IBM and ServiceNow reported Q1 results that pretty much beat expectations, yet failed to reassure investors. IBM posted quarterly revenue of $15.9bn, up 9%, with software revenue growing 11% and free cash flow reaching $2.2bn. Meanwhile, ServiceNow reported Q1 revenue of $3.77bn, including $3.671bn from subscriptions (up 22%), while raising its full-year recurring revenue guidance. Nevertheless, the market penalized both stocks: IBM tumbled 10.3% on Thursday and ServiceNow slumped nearly 15%. The sell-off spread across the industry, with Microsoft shedding 2.7%, Adobe and CrowdStrike losing 3%, and Intuit falling 6.2%.

This sharply negative reaction to earnings stems from growing pessimism regarding software publishers since the release of agentic coding and automation tools last winter. Anthropic is marketing Claude Code as an agentic coding system capable of reading code, editing files, running tests and delivering finished code. OpenAI is also pushing Codex as a tool capable of managing multiple agents in parallel for long-term tasks. With these tools, almost anyone can program custom software, which naturally challenges certain historical competitive advantages of software vendors, particularly barriers to entry.

Conversely, the development of these "AI agents" directly benefits the semiconductor industry, where demand continues to surge, as evidenced by the sector's initial quarterly results. Last week, ASML raised its 2026 revenue guidance to €36bn-€40bn, noting that chip demand remains ahead of supply, driven by investments in AI infrastructure. This week, Texas Instruments reported $4.83bn in revenue and net profit of $1.55bn, with momentum driven by the industrial sector and, crucially, data centers. The stock jumped 10%, pulling ON Semiconductor, Microchip, NXP, and Analog Devices in its wake, all rising between 3.5% and 4.5%. STMicroelectronics added further weight to this thesis with $3.10bn in Q1 revenue, a Q2 target of $3.45bn, a book-to-bill ratio of over 1, and a more constructive outlook on demand, propelling the stock up as much as 10% during the session.
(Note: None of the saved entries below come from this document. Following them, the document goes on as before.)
text \<open>Strongly regular graph with parameters (n,k,lambda,mu) (disconnected ones allowed).\<close>
definition srg_on :: "'a set \<Rightarrow> ('a \<Rightarrow> 'a \<Rightarrow> bool) \<Rightarrow> nat \<Rightarrow> nat \<Rightarrow> nat \<Rightarrow> nat \<Rightarrow> bool" where
  "srg_on V E n k l m \<longleftrightarrow> card V = n \<and> regular_on V E k \<and>
     \<not> complete_on V E \<and> \<not> edgeless_on V E \<and>
     (\<forall>x\<in>V. \<forall>y\<in>V. x \<noteq> y \<longrightarrow> E x y \<longrightarrow> common V E x y = l) \<and>
     (\<forall>x\<in>V. \<forall>y\<in>V. x \<noteq> y \<longrightarrow> \<not> E x y \<longrightarrow> common V E x y = m)"

definition childA :: "'a set \<Rightarrow> ('a \<Rightarrow> 'a \<Rightarrow> bool) \<Rightarrow> nat \<Rightarrow> nat \<Rightarrow> 'a \<Rightarrow> 'a \<Rightarrow> bool" where
  "childA V E b a x y \<longleftrightarrow> (if b > a then x \<noteq> y \<and> common V E x y = a else x \<noteq> y)"

definition childB :: "'a set \<Rightarrow> ('a \<Rightarrow> 'a \<Rightarrow> bool) \<Rightarrow> nat \<Rightarrow> nat \<Rightarrow> 'a \<Rightarrow> 'a \<Rightarrow> bool" where
  "childB V E b a x y \<longleftrightarrow> (if b > a then x \<noteq> y \<and> common V E x y = b else False)"

definition strongly_deza :: "('a::finite \<Rightarrow> 'a \<Rightarrow> bool) \<Rightarrow> nat \<Rightarrow> nat \<Rightarrow> nat \<Rightarrow> nat \<Rightarrow> bool" where
  "strongly_deza E n k b a \<longleftrightarrow> simple_graph E \<and> deza_on UNIV E n k b a \<and>
     (\<exists>n1 k1 l1 m1. srg_on UNIV (childA UNIV E b a) n1 k1 l1 m1) \<and>
     (\<exists>n2 k2 l2 m2. srg_on UNIV (childB UNIV E b a) n2 k2 l2 m2)"

definition adj_matrix :: "('a::finite \<Rightarrow> 'a \<Rightarrow> bool) \<Rightarrow> real^'a^'a" where
  "adj_matrix E = (\<chi> x y. if E x y then 1 else 0)"

definition eigenvalues :: "('a::finite \<Rightarrow> 'a \<Rightarrow> bool) \<Rightarrow> real set" where
  "eigenvalues E = {c. \<exists>v. v \<noteq> 0 \<and> adj_matrix E *v v = c *\<^sub>R v}"

definition components :: "('a \<Rightarrow> 'a \<Rightarrow> bool) \<Rightarrow> 'a set set" where
  "components E = {{y. E\<^sup>*\<^sup>* x y} | x. True}"

definition complete_bipartite_on :: "'a set \<Rightarrow> ('a \<Rightarrow> 'a \<Rightarrow> bool) \<Rightarrow> nat \<Rightarrow> bool" where
  "complete_bipartite_on C E k \<longleftrightarrow> (\<exists>X Y. X \<inter> Y = {} \<and> X \<union> Y = C \<and> card X = k \<and> card Y = k \<and>
     (\<forall>x\<in>C. \<forall>y\<in>C. E x y \<longleftrightarrow> (x \<in> X \<and> y \<in> Y) \<or> (x \<in> Y \<and> y \<in> X)))"

end

(* Let A and B be the adjacency operators of G and of its child G_B. On functions of sum zero,
   A^2 - (k - a) acts as (b - a) B, and B satisfies a quadratic equation there because G_B is
   strongly regular. Hence A is annihilated by (A - k)(A^2 - t1)(A^2 - t2); as A is symmetric, its
   eigenvalues are among the at most five real roots, and the product of the A - theta over the
   distinct eigenvalues theta vanishes.
   With two eigenvalues this gives A^2 = (k - 1) A + k I, so G is a union of cliques K_(k+1).
   With three eigenvalues, either k is a simple eigenvalue, (A - theta)(A - theta') is a multiple
   of J and G is strongly regular, or G is disconnected. Then a = 0, G_B is a disjoint union of
   cliques and A^2 = k I + b B, so every eigenvalue squares to k^2 or k - b. The spectrum
   {k, s, -s} with s^2 = k - b makes the cliques of G_B the components, with parameters
   (v, k, b, b); the spectrum {k, -k, c} forces c = 0 and components K_(k,k). *)

theory Submission
  imports Defs
begin

section \<open>The adjacency operator on real functions\<close>

text \<open>Functions \<open>'a \<Rightarrow> real\<close> play the role of vectors: \<open>adj_op R\<close> is multiplication by the adjacency
  matrix \<open>A\<close>, \<open>adj_shift R \<rho>\<close> is \<open>A - \<rho>\<close> and \<open>adj_prod R \<rho>s\<close> is the product of the \<open>A - \<rho>\<close>
  for \<open>\<rho>\<close> in \<open>\<rho>s\<close>.\<close>

definition adj_op :: "('a::finite \<Rightarrow> 'a \<Rightarrow> bool) \<Rightarrow> ('a \<Rightarrow> real) \<Rightarrow> 'a \<Rightarrow> real" where
  "adj_op R f x = (\<Sum>y\<in>UNIV. if R x y then f y else 0)"

lemma sum_if_const_eq_card:
  "(\<Sum>y\<in>(UNIV::'a::finite set). if P y then c else 0) = real (card {y. P y}) * (c::real)"
  by (simp add: sum.If_cases)

lemma adj_op_eq_sum_nbrs: "adj_op R f x = (\<Sum>y\<in>{y. R x y}. f y)"
  by (simp add: adj_op_def sum.If_cases)

lemma adj_op_diff_scale: "adj_op R (\<lambda>y. f y - c * g y) = (\<lambda>x. adj_op R f x - c * adj_op R g x)"
  by (auto simp: fun_eq_iff adj_op_def sum_subtractf[symmetric] sum_distrib_left intro!: sum.cong)

lemma adj_op_scale: "adj_op R (\<lambda>y. c * f y) = (\<lambda>x. c * adj_op R f x)"
  by (auto simp: fun_eq_iff adj_op_def sum_distrib_left intro!: sum.cong)

lemma adj_op_const: "adj_op R (\<lambda>y. c) x = real (card {y. R x y}) * c"
  unfolding adj_op_def by (rule sum_if_const_eq_card)

lemma adj_op_indicator: "adj_op R (indicator {z}) x = (if R x z then 1 else 0)"
proof -
  have "adj_op R (indicator {z}) x = (\<Sum>y\<in>UNIV. if y = z then (if R x y then 1 else 0) else 0)"
    unfolding adj_op_def by (rule sum.cong) auto
  then show ?thesis by simp
qed

lemma adj_op_indicator_set: "adj_op R (indicator S) x = real (card {y. R x y \<and> y \<in> S})"
proof -
  have "adj_op R (indicator S) x = (\<Sum>y\<in>UNIV. if R x y \<and> y \<in> S then 1 else 0)"
    unfolding adj_op_def by (rule sum.cong) (auto simp: indicator_def)
  then show ?thesis
    by (simp add: sum_if_const_eq_card)
qed

lemma adj_op_adj_op: "adj_op R (adj_op R f) x = (\<Sum>z\<in>UNIV. real (card {y. R x y \<and> R y z}) * f z)"
proof -
  have "adj_op R (adj_op R f) x = (\<Sum>y\<in>UNIV. \<Sum>z\<in>UNIV. if R x y \<and> R y z then f z else 0)"
    unfolding adj_op_def by (auto simp: sum_distrib_left if_distrib intro!: sum.cong)
  also have "\<dots> = (\<Sum>z\<in>UNIV. \<Sum>y\<in>UNIV. if R x y \<and> R y z then f z else 0)"
    by (rule sum.swap)
  also have "\<dots> = (\<Sum>z\<in>UNIV. real (card {y. R x y \<and> R y z}) * f z)"
    by (intro sum.cong refl sum_if_const_eq_card)
  finally show ?thesis .
qed

lemma adj_op_adj_op_indicator: "adj_op R (adj_op R (indicator {z})) x = real (card {y. R x y \<and> R y z})"
proof -
  have "adj_op R (adj_op R (indicator {z})) x
      = (\<Sum>w\<in>UNIV. if w = z then real (card {y. R x y \<and> R y w}) else 0)"
    unfolding adj_op_adj_op by (rule sum.cong) auto
  then show ?thesis by simp
qed

lemma sum_adj_op_regular:
  assumes "\<And>x y. R x y \<Longrightarrow> R y x" and "\<And>x. card {y. R x y} = d"
  shows "(\<Sum>x\<in>UNIV. adj_op R f x) = real d * (\<Sum>y\<in>UNIV. f y)"
proof -
  have "(\<Sum>x\<in>UNIV. adj_op R f x) = (\<Sum>y\<in>UNIV. \<Sum>x\<in>UNIV. if R x y then f y else 0)"
    unfolding adj_op_def by (rule sum.swap)
  also have "\<dots> = (\<Sum>y\<in>UNIV. real (card {x. R x y}) * f y)"
    by (intro sum.cong refl sum_if_const_eq_card)
  also have "\<dots> = real d * (\<Sum>y\<in>UNIV. f y)"
  proof -
    have "{x. R x y} = {x. R y x}" for y
      using assms(1) by blast
    then show ?thesis
      using assms(2) by (simp add: sum_distrib_left)
  qed
  finally show ?thesis .
qed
This dispersion is particularly significant: year-to-date, the IGV software ETF has retreated by approximately 18%, while the SMH semiconductor ETF has gained over 30%. It remains to be seen whether software publishers can shift the current narrative, as a return of confidence could trigger a significant re-rating for a sector where valuation multiples are at levels rarely seen in over a decade.